◆ **DIRECTIONS**
Among the entries below, one stretch runs from the line that contains "G j i = nu j" through the line that contains "i) - (\<Sum>l\<in>UNIV.". Repeat that stretch exactly, ends included, and only that.

◆ **EXTRACTED INFORMATION**
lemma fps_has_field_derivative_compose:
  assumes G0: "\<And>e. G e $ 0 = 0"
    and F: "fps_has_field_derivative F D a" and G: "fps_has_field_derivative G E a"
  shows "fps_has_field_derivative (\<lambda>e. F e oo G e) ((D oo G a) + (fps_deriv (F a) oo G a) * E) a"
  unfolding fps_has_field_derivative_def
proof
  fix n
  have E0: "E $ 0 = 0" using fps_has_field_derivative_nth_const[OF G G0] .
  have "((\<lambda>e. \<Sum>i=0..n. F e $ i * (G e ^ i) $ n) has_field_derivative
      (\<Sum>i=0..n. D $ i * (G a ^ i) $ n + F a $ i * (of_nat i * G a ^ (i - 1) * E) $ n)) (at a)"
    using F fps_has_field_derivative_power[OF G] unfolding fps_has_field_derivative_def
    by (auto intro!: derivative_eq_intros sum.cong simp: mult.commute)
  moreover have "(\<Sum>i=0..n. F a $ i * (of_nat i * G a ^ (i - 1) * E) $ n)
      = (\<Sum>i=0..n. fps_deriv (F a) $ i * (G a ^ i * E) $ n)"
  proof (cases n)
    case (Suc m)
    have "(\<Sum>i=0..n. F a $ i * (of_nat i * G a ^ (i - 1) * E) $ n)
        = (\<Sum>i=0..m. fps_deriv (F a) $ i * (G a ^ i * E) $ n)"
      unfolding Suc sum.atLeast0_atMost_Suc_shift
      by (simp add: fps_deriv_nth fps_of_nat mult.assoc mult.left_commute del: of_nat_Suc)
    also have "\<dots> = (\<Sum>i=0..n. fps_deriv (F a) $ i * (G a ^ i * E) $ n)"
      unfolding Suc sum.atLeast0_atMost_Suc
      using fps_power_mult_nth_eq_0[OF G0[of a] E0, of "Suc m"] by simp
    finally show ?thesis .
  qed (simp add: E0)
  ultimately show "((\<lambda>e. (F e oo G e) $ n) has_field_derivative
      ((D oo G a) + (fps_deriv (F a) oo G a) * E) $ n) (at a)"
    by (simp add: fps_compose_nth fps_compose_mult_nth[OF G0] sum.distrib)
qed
==
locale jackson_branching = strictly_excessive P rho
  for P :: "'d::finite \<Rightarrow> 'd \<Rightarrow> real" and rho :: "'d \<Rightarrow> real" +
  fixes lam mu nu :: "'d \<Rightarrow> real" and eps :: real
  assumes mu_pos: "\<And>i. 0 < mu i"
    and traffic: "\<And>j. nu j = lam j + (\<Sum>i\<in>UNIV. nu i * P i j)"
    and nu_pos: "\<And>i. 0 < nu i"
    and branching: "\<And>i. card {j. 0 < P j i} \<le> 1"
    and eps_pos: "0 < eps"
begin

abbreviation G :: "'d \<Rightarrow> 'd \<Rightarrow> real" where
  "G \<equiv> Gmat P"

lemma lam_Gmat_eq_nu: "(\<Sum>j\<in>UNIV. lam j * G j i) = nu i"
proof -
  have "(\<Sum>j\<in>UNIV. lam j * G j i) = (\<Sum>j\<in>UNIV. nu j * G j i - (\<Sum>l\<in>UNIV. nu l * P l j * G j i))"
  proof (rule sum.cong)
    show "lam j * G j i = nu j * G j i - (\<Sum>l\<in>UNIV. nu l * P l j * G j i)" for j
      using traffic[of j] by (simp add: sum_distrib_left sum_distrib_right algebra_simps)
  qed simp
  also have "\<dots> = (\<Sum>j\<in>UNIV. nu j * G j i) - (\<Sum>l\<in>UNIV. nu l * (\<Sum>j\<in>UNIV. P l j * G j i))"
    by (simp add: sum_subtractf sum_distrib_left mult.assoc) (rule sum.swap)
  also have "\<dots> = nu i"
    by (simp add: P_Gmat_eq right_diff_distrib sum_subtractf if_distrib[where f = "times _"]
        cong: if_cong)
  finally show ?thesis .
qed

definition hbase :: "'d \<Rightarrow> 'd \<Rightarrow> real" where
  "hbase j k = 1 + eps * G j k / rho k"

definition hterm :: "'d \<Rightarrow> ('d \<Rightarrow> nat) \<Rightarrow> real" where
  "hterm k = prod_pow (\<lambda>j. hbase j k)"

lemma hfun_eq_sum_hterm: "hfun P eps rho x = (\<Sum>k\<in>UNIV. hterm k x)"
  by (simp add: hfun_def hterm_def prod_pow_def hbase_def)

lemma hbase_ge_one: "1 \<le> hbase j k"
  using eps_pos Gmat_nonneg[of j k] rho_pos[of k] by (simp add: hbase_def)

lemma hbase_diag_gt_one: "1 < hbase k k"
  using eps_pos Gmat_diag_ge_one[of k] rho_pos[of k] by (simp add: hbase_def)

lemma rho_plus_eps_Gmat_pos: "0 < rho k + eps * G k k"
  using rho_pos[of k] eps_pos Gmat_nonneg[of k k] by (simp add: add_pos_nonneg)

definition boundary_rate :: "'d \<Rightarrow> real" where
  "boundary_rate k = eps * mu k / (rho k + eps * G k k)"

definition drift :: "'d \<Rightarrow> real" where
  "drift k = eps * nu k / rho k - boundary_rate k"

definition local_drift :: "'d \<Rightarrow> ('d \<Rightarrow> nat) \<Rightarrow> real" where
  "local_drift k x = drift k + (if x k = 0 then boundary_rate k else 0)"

◆ **TASK ANSWER**
    show "lam j * G j i = nu j * G j i - (\<Sum>l\<in>UNIV. nu l * P l j * G j i)" for j
      using traffic[of j] by (simp add: sum_distrib_left sum_distrib_right algebra_simps)
  qed simp
  also have "\<dots> = (\<Sum>j\<in>UNIV. nu j * G j i) - (\<Sum>l\<in>UNIV. nu l * (\<Sum>j\<in>UNIV. P l j * G j i))"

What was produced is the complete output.